[What to work on]
Given the material below, output exactly the lines from the line with "proof (induction rule: construction.induct)" to the line with "assms(1,2)] assms(4) by blast", both ends included, and no other lines.

[Provided entries]

——

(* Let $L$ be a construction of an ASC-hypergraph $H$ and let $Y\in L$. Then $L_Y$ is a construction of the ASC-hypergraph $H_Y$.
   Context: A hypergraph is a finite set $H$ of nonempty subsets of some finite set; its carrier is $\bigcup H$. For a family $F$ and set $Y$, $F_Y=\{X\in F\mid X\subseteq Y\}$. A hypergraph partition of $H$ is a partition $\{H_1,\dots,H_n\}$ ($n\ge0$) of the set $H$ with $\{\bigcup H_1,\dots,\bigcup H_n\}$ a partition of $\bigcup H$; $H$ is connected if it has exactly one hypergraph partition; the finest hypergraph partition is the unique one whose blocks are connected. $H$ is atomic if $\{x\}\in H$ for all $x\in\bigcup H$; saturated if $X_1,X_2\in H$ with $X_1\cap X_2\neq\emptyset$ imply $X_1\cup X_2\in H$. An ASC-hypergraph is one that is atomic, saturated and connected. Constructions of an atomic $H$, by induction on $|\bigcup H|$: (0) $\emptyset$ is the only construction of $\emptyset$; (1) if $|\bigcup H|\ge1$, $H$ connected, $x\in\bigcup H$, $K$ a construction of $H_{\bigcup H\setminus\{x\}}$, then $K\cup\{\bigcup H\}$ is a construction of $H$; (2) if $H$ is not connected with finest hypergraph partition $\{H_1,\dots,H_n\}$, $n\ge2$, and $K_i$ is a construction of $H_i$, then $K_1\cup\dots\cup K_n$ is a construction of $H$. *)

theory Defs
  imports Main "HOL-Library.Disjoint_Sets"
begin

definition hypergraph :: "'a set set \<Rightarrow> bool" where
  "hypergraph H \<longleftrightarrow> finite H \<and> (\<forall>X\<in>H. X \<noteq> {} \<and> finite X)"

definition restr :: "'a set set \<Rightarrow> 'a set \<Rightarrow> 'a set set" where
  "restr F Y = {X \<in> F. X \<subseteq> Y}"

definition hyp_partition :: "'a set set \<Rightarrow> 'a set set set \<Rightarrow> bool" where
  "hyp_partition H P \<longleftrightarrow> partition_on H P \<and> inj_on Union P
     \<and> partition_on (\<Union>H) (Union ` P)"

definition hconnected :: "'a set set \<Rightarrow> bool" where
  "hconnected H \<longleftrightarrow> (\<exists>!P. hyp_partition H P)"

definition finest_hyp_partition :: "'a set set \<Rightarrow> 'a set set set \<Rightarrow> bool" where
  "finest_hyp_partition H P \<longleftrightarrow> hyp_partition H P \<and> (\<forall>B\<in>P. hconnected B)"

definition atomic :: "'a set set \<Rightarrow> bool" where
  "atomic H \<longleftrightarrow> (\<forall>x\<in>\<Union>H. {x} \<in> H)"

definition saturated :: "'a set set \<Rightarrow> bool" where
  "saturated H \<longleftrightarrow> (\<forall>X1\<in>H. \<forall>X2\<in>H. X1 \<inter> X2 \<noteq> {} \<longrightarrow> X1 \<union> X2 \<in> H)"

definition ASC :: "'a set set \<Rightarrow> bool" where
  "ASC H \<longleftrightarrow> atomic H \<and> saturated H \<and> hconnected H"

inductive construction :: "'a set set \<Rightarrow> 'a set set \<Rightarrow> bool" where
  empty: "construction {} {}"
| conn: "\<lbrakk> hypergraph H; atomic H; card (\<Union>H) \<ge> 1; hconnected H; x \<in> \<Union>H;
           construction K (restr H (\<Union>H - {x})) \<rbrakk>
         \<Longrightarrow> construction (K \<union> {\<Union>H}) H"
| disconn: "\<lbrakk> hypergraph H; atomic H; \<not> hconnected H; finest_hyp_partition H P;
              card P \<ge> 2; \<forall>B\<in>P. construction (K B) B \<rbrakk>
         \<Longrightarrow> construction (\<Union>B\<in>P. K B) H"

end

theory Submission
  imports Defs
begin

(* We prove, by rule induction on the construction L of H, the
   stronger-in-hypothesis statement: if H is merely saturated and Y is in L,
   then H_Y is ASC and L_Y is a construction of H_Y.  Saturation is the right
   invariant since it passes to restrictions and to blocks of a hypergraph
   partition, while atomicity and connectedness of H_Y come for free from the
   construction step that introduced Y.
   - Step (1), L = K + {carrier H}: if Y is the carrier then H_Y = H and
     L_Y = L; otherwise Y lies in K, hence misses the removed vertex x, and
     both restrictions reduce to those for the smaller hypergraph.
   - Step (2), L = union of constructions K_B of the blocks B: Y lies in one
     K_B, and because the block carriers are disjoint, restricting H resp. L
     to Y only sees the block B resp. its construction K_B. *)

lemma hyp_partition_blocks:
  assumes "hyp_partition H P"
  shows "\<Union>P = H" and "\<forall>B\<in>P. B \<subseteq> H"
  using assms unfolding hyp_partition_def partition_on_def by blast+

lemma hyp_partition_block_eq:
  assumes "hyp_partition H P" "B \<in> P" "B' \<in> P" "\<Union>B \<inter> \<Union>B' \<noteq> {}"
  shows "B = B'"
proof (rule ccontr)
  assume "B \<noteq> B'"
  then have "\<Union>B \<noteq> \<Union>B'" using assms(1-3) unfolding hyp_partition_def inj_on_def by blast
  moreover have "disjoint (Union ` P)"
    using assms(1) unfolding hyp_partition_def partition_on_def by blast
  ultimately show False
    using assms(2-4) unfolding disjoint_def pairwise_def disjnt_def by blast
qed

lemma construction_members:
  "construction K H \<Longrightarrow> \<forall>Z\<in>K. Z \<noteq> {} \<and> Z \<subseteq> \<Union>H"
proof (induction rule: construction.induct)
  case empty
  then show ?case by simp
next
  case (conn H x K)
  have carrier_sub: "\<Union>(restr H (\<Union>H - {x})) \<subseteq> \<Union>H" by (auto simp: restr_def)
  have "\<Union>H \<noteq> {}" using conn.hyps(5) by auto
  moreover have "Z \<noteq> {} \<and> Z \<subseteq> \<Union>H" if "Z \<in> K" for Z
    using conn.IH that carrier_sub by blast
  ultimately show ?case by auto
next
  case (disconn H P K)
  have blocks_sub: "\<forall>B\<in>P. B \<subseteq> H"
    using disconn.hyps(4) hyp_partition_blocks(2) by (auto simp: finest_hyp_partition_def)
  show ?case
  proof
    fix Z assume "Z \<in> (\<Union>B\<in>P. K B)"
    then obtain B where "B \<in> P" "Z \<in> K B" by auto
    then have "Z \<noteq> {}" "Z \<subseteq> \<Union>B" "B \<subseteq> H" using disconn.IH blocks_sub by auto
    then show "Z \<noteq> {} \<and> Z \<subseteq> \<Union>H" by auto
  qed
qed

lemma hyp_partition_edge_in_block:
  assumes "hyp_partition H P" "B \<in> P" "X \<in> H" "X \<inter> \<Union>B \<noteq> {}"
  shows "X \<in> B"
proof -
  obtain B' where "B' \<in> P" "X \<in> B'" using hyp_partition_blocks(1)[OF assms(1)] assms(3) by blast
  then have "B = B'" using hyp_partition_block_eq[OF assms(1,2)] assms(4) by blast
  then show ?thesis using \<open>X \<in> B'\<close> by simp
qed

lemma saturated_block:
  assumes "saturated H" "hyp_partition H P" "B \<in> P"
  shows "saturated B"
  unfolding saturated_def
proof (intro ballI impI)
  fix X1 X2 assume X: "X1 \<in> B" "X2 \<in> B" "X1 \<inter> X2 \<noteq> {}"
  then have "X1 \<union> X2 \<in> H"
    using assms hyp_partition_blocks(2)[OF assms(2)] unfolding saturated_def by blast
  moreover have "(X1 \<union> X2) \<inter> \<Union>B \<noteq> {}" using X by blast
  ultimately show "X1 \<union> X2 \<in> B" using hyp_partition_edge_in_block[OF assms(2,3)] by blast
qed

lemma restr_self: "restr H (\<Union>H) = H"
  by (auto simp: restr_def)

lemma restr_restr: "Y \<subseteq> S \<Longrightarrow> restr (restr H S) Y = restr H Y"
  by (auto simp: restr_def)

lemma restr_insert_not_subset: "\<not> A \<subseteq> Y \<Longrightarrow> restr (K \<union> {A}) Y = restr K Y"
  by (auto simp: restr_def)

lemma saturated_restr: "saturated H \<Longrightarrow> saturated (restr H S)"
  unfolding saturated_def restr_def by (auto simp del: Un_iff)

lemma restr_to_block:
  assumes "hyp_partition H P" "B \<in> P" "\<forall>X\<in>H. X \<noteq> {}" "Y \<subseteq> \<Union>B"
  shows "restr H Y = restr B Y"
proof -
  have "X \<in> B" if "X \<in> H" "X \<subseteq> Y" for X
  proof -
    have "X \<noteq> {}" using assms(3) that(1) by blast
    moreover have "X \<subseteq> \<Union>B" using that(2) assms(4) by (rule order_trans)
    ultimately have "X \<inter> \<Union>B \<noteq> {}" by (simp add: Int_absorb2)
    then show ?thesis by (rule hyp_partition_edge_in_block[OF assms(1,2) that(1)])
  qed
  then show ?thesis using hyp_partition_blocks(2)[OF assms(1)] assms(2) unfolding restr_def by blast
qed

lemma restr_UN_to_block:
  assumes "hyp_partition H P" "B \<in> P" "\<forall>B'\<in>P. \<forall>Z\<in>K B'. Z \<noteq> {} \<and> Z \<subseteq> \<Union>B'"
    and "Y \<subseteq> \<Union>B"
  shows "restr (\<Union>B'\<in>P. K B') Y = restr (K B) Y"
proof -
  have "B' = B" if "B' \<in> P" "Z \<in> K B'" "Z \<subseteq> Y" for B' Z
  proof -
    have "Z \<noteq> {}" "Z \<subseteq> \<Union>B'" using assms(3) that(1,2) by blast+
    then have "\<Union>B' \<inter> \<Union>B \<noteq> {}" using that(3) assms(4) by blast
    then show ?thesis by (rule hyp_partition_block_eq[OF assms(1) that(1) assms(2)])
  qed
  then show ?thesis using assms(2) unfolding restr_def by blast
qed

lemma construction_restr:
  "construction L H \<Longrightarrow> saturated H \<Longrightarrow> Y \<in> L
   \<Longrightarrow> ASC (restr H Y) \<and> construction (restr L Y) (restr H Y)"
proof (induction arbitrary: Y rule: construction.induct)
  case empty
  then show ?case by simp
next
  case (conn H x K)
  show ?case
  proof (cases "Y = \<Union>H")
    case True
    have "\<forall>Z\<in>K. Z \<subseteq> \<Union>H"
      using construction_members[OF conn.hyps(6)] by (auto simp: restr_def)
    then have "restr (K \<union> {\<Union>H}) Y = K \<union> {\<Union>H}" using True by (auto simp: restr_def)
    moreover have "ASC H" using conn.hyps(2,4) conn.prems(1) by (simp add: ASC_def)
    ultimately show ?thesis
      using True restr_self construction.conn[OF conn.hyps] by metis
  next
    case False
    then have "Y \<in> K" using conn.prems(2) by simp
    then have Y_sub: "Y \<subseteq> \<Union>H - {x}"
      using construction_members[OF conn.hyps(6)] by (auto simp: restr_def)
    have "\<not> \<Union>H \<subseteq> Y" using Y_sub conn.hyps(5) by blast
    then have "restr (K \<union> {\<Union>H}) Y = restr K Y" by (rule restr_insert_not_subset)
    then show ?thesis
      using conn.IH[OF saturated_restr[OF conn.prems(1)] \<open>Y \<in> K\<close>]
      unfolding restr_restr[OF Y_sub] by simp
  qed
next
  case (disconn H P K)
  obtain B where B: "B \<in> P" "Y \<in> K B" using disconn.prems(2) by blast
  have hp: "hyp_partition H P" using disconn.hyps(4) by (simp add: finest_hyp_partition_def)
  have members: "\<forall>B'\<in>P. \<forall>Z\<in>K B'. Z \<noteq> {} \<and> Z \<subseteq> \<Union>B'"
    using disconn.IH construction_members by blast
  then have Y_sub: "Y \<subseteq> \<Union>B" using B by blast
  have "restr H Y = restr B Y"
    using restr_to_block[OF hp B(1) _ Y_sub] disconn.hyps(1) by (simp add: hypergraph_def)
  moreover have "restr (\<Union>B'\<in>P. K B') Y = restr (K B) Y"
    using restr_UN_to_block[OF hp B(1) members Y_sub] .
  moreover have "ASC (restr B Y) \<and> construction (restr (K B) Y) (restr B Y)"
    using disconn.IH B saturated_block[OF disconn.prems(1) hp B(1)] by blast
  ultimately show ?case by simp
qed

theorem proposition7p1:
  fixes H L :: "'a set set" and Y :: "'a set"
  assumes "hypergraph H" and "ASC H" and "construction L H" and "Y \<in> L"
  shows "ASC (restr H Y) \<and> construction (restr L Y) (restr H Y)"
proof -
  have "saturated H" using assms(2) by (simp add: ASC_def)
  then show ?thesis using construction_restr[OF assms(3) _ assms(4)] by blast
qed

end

——

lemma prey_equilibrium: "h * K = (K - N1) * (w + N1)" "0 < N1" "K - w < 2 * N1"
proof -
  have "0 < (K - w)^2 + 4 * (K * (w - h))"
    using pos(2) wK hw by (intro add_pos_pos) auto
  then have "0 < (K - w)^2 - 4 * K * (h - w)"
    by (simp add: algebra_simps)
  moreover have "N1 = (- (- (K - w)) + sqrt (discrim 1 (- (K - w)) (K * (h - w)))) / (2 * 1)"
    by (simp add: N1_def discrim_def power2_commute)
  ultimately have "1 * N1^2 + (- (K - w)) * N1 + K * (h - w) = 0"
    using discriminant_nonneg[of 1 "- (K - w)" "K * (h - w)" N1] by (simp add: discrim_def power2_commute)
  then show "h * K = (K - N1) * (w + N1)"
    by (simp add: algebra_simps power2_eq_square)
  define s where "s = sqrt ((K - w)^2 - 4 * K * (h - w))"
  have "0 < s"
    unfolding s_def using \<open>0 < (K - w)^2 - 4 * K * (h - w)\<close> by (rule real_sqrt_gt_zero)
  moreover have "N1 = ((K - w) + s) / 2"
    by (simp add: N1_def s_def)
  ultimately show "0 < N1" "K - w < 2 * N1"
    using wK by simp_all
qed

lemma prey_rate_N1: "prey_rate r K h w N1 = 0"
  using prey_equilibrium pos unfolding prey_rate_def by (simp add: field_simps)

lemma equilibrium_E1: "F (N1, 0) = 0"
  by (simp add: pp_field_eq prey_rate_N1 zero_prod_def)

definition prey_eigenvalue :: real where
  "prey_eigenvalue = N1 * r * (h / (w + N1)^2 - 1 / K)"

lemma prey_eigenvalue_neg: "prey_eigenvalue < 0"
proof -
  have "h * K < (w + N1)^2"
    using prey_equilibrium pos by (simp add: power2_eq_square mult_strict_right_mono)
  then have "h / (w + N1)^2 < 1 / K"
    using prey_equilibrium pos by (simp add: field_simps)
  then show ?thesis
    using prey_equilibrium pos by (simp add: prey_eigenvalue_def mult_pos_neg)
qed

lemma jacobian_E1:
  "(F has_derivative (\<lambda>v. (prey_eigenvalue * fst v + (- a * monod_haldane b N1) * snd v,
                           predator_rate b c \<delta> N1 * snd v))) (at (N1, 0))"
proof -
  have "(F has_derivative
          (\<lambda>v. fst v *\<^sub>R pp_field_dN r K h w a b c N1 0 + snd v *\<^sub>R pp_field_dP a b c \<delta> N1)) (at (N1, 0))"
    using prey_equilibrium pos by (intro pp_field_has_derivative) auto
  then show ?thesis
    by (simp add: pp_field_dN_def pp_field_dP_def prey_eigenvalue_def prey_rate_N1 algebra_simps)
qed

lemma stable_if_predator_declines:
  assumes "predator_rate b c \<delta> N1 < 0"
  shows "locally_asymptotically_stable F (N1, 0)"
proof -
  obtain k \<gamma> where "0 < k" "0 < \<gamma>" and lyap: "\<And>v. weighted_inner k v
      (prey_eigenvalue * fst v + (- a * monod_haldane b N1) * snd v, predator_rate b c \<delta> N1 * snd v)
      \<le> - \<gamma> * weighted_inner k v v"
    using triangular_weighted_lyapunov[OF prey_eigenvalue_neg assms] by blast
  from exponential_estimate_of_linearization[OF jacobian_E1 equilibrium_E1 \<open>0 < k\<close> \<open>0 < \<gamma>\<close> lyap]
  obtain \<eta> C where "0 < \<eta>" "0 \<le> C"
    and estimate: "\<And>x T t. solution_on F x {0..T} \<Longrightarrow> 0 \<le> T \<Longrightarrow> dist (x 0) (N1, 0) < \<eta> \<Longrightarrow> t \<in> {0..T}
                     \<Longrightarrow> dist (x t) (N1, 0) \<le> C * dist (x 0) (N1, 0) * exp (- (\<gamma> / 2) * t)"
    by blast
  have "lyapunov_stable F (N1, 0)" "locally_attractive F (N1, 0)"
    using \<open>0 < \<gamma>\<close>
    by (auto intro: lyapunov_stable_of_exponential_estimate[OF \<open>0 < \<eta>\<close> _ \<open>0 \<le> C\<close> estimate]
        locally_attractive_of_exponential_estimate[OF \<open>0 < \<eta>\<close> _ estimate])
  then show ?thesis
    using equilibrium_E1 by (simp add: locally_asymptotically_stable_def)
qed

——

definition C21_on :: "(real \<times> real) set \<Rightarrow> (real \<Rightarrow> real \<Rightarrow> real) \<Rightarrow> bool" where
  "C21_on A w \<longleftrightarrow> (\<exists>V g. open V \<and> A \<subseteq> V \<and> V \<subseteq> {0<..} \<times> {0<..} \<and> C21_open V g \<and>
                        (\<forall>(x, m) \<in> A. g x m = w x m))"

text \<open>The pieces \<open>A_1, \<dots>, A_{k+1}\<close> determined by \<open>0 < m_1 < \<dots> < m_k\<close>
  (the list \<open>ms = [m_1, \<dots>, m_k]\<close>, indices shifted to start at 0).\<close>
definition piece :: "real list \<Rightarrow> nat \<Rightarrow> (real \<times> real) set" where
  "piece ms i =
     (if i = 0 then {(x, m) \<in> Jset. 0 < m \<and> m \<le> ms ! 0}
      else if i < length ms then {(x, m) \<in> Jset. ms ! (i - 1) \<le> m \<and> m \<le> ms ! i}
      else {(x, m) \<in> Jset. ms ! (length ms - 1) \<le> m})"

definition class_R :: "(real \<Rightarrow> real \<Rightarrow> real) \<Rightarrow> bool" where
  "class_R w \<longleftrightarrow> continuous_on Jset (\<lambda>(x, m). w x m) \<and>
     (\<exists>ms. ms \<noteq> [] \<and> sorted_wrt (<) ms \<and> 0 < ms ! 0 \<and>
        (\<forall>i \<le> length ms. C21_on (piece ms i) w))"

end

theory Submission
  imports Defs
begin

——

[Completed task]
proof (induction rule: construction.induct)
  case empty
  then show ?case by simp
next
  case (conn H x K)
  have carrier_sub: "\<Union>(restr H (\<Union>H - {x})) \<subseteq> \<Union>H" by (auto simp: restr_def)
  have "\<Union>H \<noteq> {}" using conn.hyps(5) by auto
  moreover have "Z \<noteq> {} \<and> Z \<subseteq> \<Union>H" if "Z \<in> K" for Z
    using conn.IH that carrier_sub by blast
  ultimately show ?case by auto
next
  case (disconn H P K)
  have blocks_sub: "\<forall>B\<in>P. B \<subseteq> H"
    using disconn.hyps(4) hyp_partition_blocks(2) by (auto simp: finest_hyp_partition_def)
  show ?case
  proof
    fix Z assume "Z \<in> (\<Union>B\<in>P. K B)"
    then obtain B where "B \<in> P" "Z \<in> K B" by auto
    then have "Z \<noteq> {}" "Z \<subseteq> \<Union>B" "B \<subseteq> H" using disconn.IH blocks_sub by auto
    then show "Z \<noteq> {} \<and> Z \<subseteq> \<Union>H" by auto
  qed
qed

lemma hyp_partition_edge_in_block:
  assumes "hyp_partition H P" "B \<in> P" "X \<in> H" "X \<inter> \<Union>B \<noteq> {}"
  shows "X \<in> B"
proof -
  obtain B' where "B' \<in> P" "X \<in> B'" using hyp_partition_blocks(1)[OF assms(1)] assms(3) by blast
  then have "B = B'" using hyp_partition_block_eq[OF assms(1,2)] assms(4) by blast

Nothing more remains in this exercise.